[SUPPLIED ENTRIES Boundary: Start]
lemma double_sum_delta:
  "(\<Sum>p\<in>(UNIV::'n::finite set). \<Sum>q\<in>(UNIV::'m::finite set). if p = i \<and> q = j then v else 0) = (v::real)"
proof -
  have "(\<Sum>q\<in>(UNIV::'m set). if p = i \<and> q = j then v else 0) = (if p = i then v else 0)" for p
    by (cases "p = i") auto
  then show ?thesis by simp
qed

lemma row_sums_scaleR [simp]: "row_sums (t *\<^sub>R X) $ k = t * row_sums X $ k"
  unfolding row_sums_def by (simp add: sum_distrib_left)

lemma col_sums_scaleR [simp]: "col_sums (t *\<^sub>R X) $ k = t * col_sums X $ k"
  unfolding col_sums_def by (simp add: sum_distrib_left)

lemma frob_inner_scaleR [simp]: "frob_inner C (t *\<^sub>R X) = t * frob_inner C X"
  unfolding frob_inner_def by (simp add: sum_distrib_left algebra_simps)

lemma frob_sq_scaleR [simp]: "frob_sq (t *\<^sub>R X) = t\<^sup>2 * frob_sq X"
  unfolding frob_sq_def by (simp add: sum_distrib_left power_mult_distrib)

definition add_entry :: "real^'n^'n::finite \<Rightarrow> 'n \<Rightarrow> 'n \<Rightarrow> real \<Rightarrow> real^'n^'n" where
  "add_entry X i j e = (\<chi> p q. X $ p $ q + (if p = i \<and> q = j then e else 0))"

lemma add_entry_nth [simp]:
  "add_entry X i j e $ p $ q = X $ p $ q + (if p = i \<and> q = j then e else 0)"
  by (simp add: add_entry_def)

lemma row_sums_add_entry [simp]:
  "row_sums (add_entry X i j e) $ k = row_sums X $ k + (if k = i then e else 0)"
  unfolding row_sums_def by (simp add: sum.distrib)

lemma col_sums_add_entry [simp]:
  "col_sums (add_entry X i j e) $ k = col_sums X $ k + (if k = j then e else 0)"
  unfolding col_sums_def by (simp add: sum.distrib)

lemma frob_inner_add_entry [simp]:
  "frob_inner C (add_entry X i j e) = frob_inner C X + e * C $ i $ j"
proof -
  have "C $ p $ q * add_entry X i j e $ p $ q - C $ p $ q * X $ p $ q
      = (if p = i \<and> q = j then e * C $ i $ j else 0)" for p q
    by (auto simp: algebra_simps)
  then have "frob_inner C (add_entry X i j e) - frob_inner C X = e * C $ i $ j"
    unfolding frob_inner_def sum_subtractf[symmetric] by (simp add: double_sum_delta)
  then show ?thesis by simp
qed

lemma frob_sq_add_entry [simp]:
  "frob_sq (add_entry X i j e) = frob_sq X + 2 * e * X $ i $ j + e\<^sup>2"
proof -
  have "(add_entry X i j e $ p $ q)\<^sup>2 - (X $ p $ q)\<^sup>2
      = (if p = i \<and> q = j then 2 * e * X $ i $ j + e\<^sup>2 else 0)" for p q
    by (auto simp: algebra_simps power2_eq_square)
  then have "frob_sq (add_entry X i j e) - frob_sq X = 2 * e * X $ i $ j + e\<^sup>2"
    unfolding frob_sq_def sum_subtractf[symmetric] by (simp add: double_sum_delta)
  then show ?thesis by simp
qed

lemma norm1_diff_le_of_deficit_le:
  fixes r a :: "real^'n::finite"
  assumes a_nonneg: "\<forall>k. a $ k \<ge> 0" and sum_a: "(\<Sum>k\<in>UNIV. a $ k) = 1"
    and sum_r: "(\<Sum>k\<in>UNIV. r $ k) \<le> 1"
    and "G \<ge> 0" and deficit: "\<forall>k. a $ k - r $ k \<le> a $ k * G"
  shows "norm1 (r - a) \<le> real CARD('n) * G"
proof -
  have "(\<Sum>k\<in>UNIV. max 0 (a $ k - r $ k)) \<le> (\<Sum>k\<in>UNIV. a $ k * G)"
    using deficit a_nonneg \<open>G \<ge> 0\<close> by (intro sum_mono) simp
  also have "\<dots> = G" using sum_a by (simp add: sum_distrib_right[symmetric])
  finally have total_deficit: "(\<Sum>k\<in>UNIV. max 0 (a $ k - r $ k)) \<le> G" .
  have "\<bar>r $ i - a $ i\<bar> \<le> G" for i
  proof -
    have "a $ i \<le> 1" using sum_a a_nonneg member_le_sum[of i UNIV "\<lambda>k. a $ k"] by simp
    then have "a $ i * G \<le> G" using a_nonneg \<open>G \<ge> 0\<close> by (simp add: mult_left_le_one_le)
    then have "a $ i - r $ i \<le> G" using deficit by (meson order_trans)
    moreover have "r $ i - a $ i \<le> (\<Sum>k\<in>UNIV. max 0 (a $ k - r $ k))"
    proof -
      have "r $ i - a $ i \<le> (\<Sum>k\<in>UNIV. a $ k) - (\<Sum>k\<in>UNIV. r $ k) + (r $ i - a $ i)"
        using sum_a sum_r by simp
      also have "\<dots> = (\<Sum>k\<in>UNIV. (a $ k - r $ k) + (if k = i then r $ i - a $ i else 0))"
        by (simp add: sum.distrib sum_subtractf)
      also have "\<dots> \<le> (\<Sum>k\<in>UNIV. max 0 (a $ k - r $ k))"
        by (intro sum_mono) auto
      finally show ?thesis .
    qed
    ultimately show ?thesis using total_deficit by linarith
  qed
  then have "norm1 (r - a) \<le> (\<Sum>k\<in>(UNIV::'n set). G)"
    unfolding norm1_def by (intro sum_mono) simp
  then show ?thesis by simp
qed

lemma g_eta_diff_le:
  assumes "\<tau> > 0" "\<forall>k. a $ k > 0" "\<forall>k. b $ k > 0" "nonneg_mat X"
    and "\<forall>k. row_sums Y $ k > 0 \<or> row_sums Y $ k = row_sums X $ k"
    and "\<forall>k. col_sums Y $ k > 0 \<or> col_sums Y $ k = col_sums X $ k"
  shows "g_eta C \<tau> \<eta> a b Y - g_eta C \<tau> \<eta> a b X \<le> (frob_inner C Y - frob_inner C X)
     + \<eta> * (frob_sq Y - frob_sq X)
     + \<tau> * (\<Sum>k\<in>UNIV. (row_sums Y $ k - row_sums X $ k) * ln (row_sums Y $ k / a $ k))
     + \<tau> * (\<Sum>k\<in>UNIV. (col_sums Y $ k - col_sums X $ k) * ln (col_sums Y $ k / b $ k))"
proof -
  have "KL (row_sums Y) a - KL (row_sums X) a
      \<le> (\<Sum>k\<in>UNIV. (row_sums Y $ k - row_sums X $ k) * ln (row_sums Y $ k / a $ k))"
    using assms by (intro KL_diff_le) (auto simp: row_sums_nonneg)
  then have row: "\<tau> * (KL (row_sums Y) a - KL (row_sums X) a)
      \<le> \<tau> * (\<Sum>k\<in>UNIV. (row_sums Y $ k - row_sums X $ k) * ln (row_sums Y $ k / a $ k))"
    using \<open>\<tau> > 0\<close> by (intro mult_left_mono) auto
  have "KL (col_sums Y) b - KL (col_sums X) b
      \<le> (\<Sum>k\<in>UNIV. (col_sums Y $ k - col_sums X $ k) * ln (col_sums Y $ k / b $ k))"
    using assms by (intro KL_diff_le) (auto simp: col_sums_nonneg)
  then have col: "\<tau> * (KL (col_sums Y) b - KL (col_sums X) b)
      \<le> \<tau> * (\<Sum>k\<in>UNIV. (col_sums Y $ k - col_sums X $ k) * ln (col_sums Y $ k / b $ k))"
    using \<open>\<tau> > 0\<close> by (intro mult_left_mono) auto
  show ?thesis
    using row col unfolding g_eta_def right_diff_distrib by linarith
qed

locale g_eta_minimizer =
  fixes C X :: "real^'n^'n::finite" and a b :: "real^'n" and \<tau> \<eta> :: real
  assumes C_nonneg: "nonneg_mat C"
    and tau_pos: "\<tau> > 0"
    and eta_nonneg: "\<eta> \<ge> 0"
    and a_pos: "\<forall>i. a $ i > 0" and sum_a: "(\<Sum>i\<in>UNIV. a $ i) = 1"
    and b_pos: "\<forall>j. b $ j > 0" and sum_b: "(\<Sum>j\<in>UNIV. b $ j) = 1"
    and X_nonneg: "nonneg_mat X"
    and X_min: "\<forall>Y. nonneg_mat Y \<longrightarrow> g_eta C \<tau> \<eta> a b X \<le> g_eta C \<tau> \<eta> a b Y"
begin

lemma first_order_condition:
  assumes "nonneg_mat Y"
    and "\<forall>k. row_sums Y $ k > 0 \<or> row_sums Y $ k = row_sums X $ k"
    and "\<forall>k. col_sums Y $ k > 0 \<or> col_sums Y $ k = col_sums X $ k"
  shows "0 \<le> (frob_inner C Y - frob_inner C X) + \<eta> * (frob_sq Y - frob_sq X)
     + \<tau> * (\<Sum>k\<in>UNIV. (row_sums Y $ k - row_sums X $ k) * ln (row_sums Y $ k / a $ k))
     + \<tau> * (\<Sum>k\<in>UNIV. (col_sums Y $ k - col_sums X $ k) * ln (col_sums Y $ k / b $ k))"
proof -
  have "g_eta C \<tau> \<eta> a b X \<le> g_eta C \<tau> \<eta> a b Y" using X_min assms(1) by blast
  then show ?thesis
    using g_eta_diff_le[OF tau_pos a_pos b_pos X_nonneg assms(2,3), of C \<eta>] by linarith
qed

lemma scaled_entropy_sum_nonpos:
  assumes "0 < t" "t < 1"
  shows "(\<Sum>k\<in>UNIV. row_sums X $ k * ln (t * row_sums X $ k / a $ k))
    + (\<Sum>k\<in>UNIV. col_sums X $ k * ln (t * col_sums X $ k / b $ k)) \<le> 0"
proof -
  let ?Y = "t *\<^sub>R X"
  have "nonneg_mat ?Y" using X_nonneg assms unfolding nonneg_mat_def by simp
  moreover have "\<forall>k. row_sums ?Y $ k > 0 \<or> row_sums ?Y $ k = row_sums X $ k"
    using row_sums_nonneg[OF X_nonneg] assms by (auto simp: zero_less_mult_iff less_eq_real_def)
  moreover have "\<forall>k. col_sums ?Y $ k > 0 \<or> col_sums ?Y $ k = col_sums X $ k"
    using col_sums_nonneg[OF X_nonneg] assms by (auto simp: zero_less_mult_iff less_eq_real_def)
  ultimately have foc: "0 \<le> (frob_inner C ?Y - frob_inner C X) + \<eta> * (frob_sq ?Y - frob_sq X)
     + \<tau> * (\<Sum>k\<in>UNIV. (row_sums ?Y $ k - row_sums X $ k) * ln (row_sums ?Y $ k / a $ k))
     + \<tau> * (\<Sum>k\<in>UNIV. (col_sums ?Y $ k - col_sums X $ k) * ln (col_sums ?Y $ k / b $ k))"
    by (rule first_order_condition)
  have "0 \<le> frob_inner C X"
    using C_nonneg X_nonneg unfolding frob_inner_def nonneg_mat_def by (intro sum_nonneg) simp
  then have linear: "frob_inner C ?Y - frob_inner C X \<le> 0"
    using assms by (simp add: mult_left_le_one_le)
  have "0 \<le> frob_sq X" unfolding frob_sq_def by (intro sum_nonneg) simp
  moreover have "t\<^sup>2 \<le> 1" using assms by (simp add: power_le_one)
  ultimately have quadratic: "\<eta> * (frob_sq ?Y - frob_sq X) \<le> 0"
    using eta_nonneg by (simp add: mult_nonneg_nonpos mult_left_le_one_le)
  have rates: "(\<Sum>k\<in>UNIV. (row_sums ?Y $ k - row_sums X $ k) * ln (row_sums ?Y $ k / a $ k))
      = - (1 - t) * (\<Sum>k\<in>UNIV. row_sums X $ k * ln (t * row_sums X $ k / a $ k))"
    "(\<Sum>k\<in>UNIV. (col_sums ?Y $ k - col_sums X $ k) * ln (col_sums ?Y $ k / b $ k))
      = - (1 - t) * (\<Sum>k\<in>UNIV. col_sums X $ k * ln (t * col_sums X $ k / b $ k))"
    by (simp_all add: sum_distrib_left algebra_simps)
  then have "0 \<le> \<tau> * (- (1 - t) * (\<Sum>k\<in>UNIV. row_sums X $ k * ln (t * row_sums X $ k / a $ k)))
      + \<tau> * (- (1 - t) * (\<Sum>k\<in>UNIV. col_sums X $ k * ln (t * col_sums X $ k / b $ k)))"
    using foc[unfolded rates] linear quadratic by linarith
  then have "0 \<le> \<tau> * (1 - t) * (- ((\<Sum>k\<in>UNIV. row_sums X $ k * ln (t * row_sums X $ k / a $ k))
      + (\<Sum>k\<in>UNIV. col_sums X $ k * ln (t * col_sums X $ k / b $ k))))"
    by (simp add: algebra_simps)
  moreover have "\<tau> * (1 - t) > 0" using tau_pos assms by simp
  ultimately show ?thesis by (simp add: zero_le_mult_iff)
qed

lemma total_mass_le_one: "(\<Sum>k\<in>UNIV. row_sums X $ k) \<le> 1"
proof (rule field_le_mult_one_interval)
  fix t :: real
  assume t: "0 < t" "t < 1"
  define s where "s = (\<Sum>k\<in>UNIV. row_sums X $ k)"
  have "s - 1 / t \<le> (\<Sum>k\<in>UNIV. row_sums X $ k * ln (t * row_sums X $ k / a $ k))"
    using sum_mult_ln_ge[of "row_sums X" a t] row_sums_nonneg[OF X_nonneg] a_pos sum_a t
    by (simp add: s_def)
  moreover have "s - 1 / t \<le> (\<Sum>k\<in>UNIV. col_sums X $ k * ln (t * col_sums X $ k / b $ k))"
    using sum_mult_ln_ge[of "col_sums X" b t] col_sums_nonneg[OF X_nonneg] b_pos sum_b t
    by (simp add: s_def sum_col_sums)
  ultimately have "s \<le> 1 / t" using scaled_entropy_sum_nonpos[OF t] by linarith
  then show "t * (\<Sum>k\<in>UNIV. row_sums X $ k) \<le> 1" using t by (simp add: s_def field_simps)
qed

lemma entry_le_one: "X $ i $ j \<le> 1"
  using entry_le_sum_row_sums[OF X_nonneg] total_mass_le_one order_trans by blast

lemma exists_col_sum_le: "\<exists>j. col_sums X $ j \<le> b $ j"
proof (rule ccontr)
  assume "\<nexists>j. col_sums X $ j \<le> b $ j"
  then have "(\<Sum>j\<in>UNIV. b $ j) < (\<Sum>j\<in>UNIV. col_sums X $ j)"
    by (intro sum_strict_mono) (auto simp: not_le)
  then show False using total_mass_le_one sum_b by (simp add: sum_col_sums)
qed

lemma entry_increase_rate_nonneg:
  assumes "\<epsilon> > 0"
  shows "0 \<le> C $ i $ j + \<eta> * (2 * X $ i $ j + \<epsilon>)
    + \<tau> * ln ((row_sums X $ i + \<epsilon>) / a $ i) + \<tau> * ln ((col_sums X $ j + \<epsilon>) / b $ j)"
proof -
  let ?Y = "add_entry X i j \<epsilon>"
  have "nonneg_mat ?Y" using X_nonneg assms unfolding nonneg_mat_def by simp
  moreover have "\<forall>k. row_sums ?Y $ k > 0 \<or> row_sums ?Y $ k = row_sums X $ k"
    using row_sums_nonneg[OF X_nonneg] assms by (auto simp: add_nonneg_pos)
  moreover have "\<forall>k. col_sums ?Y $ k > 0 \<or> col_sums ?Y $ k = col_sums X $ k"
    using col_sums_nonneg[OF X_nonneg] assms by (auto simp: add_nonneg_pos)
  ultimately have "0 \<le> (frob_inner C ?Y - frob_inner C X) + \<eta> * (frob_sq ?Y - frob_sq X)
     + \<tau> * (\<Sum>k\<in>UNIV. (row_sums ?Y $ k - row_sums X $ k) * ln (row_sums ?Y $ k / a $ k))
     + \<tau> * (\<Sum>k\<in>UNIV. (col_sums ?Y $ k - col_sums X $ k) * ln (col_sums ?Y $ k / b $ k))"
    by (rule first_order_condition)
  then have "0 \<le> \<epsilon> * (C $ i $ j + \<eta> * (2 * X $ i $ j + \<epsilon>)
    + \<tau> * ln ((row_sums X $ i + \<epsilon>) / a $ i) + \<tau> * ln ((col_sums X $ j + \<epsilon>) / b $ j))"
    by (simp add: if_distrib[of "\<lambda>t. t * _"] algebra_simps power2_eq_square cong: if_cong)
  then show ?thesis using assms by (simp add: zero_le_mult_iff)
qed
[SUPPLIED ENTRIES Boundary: End]
## TASK GOAL:
Go through the records line by line and count those that contain the string "thesis". Answer with the count alone.

## TASK RESULT:
10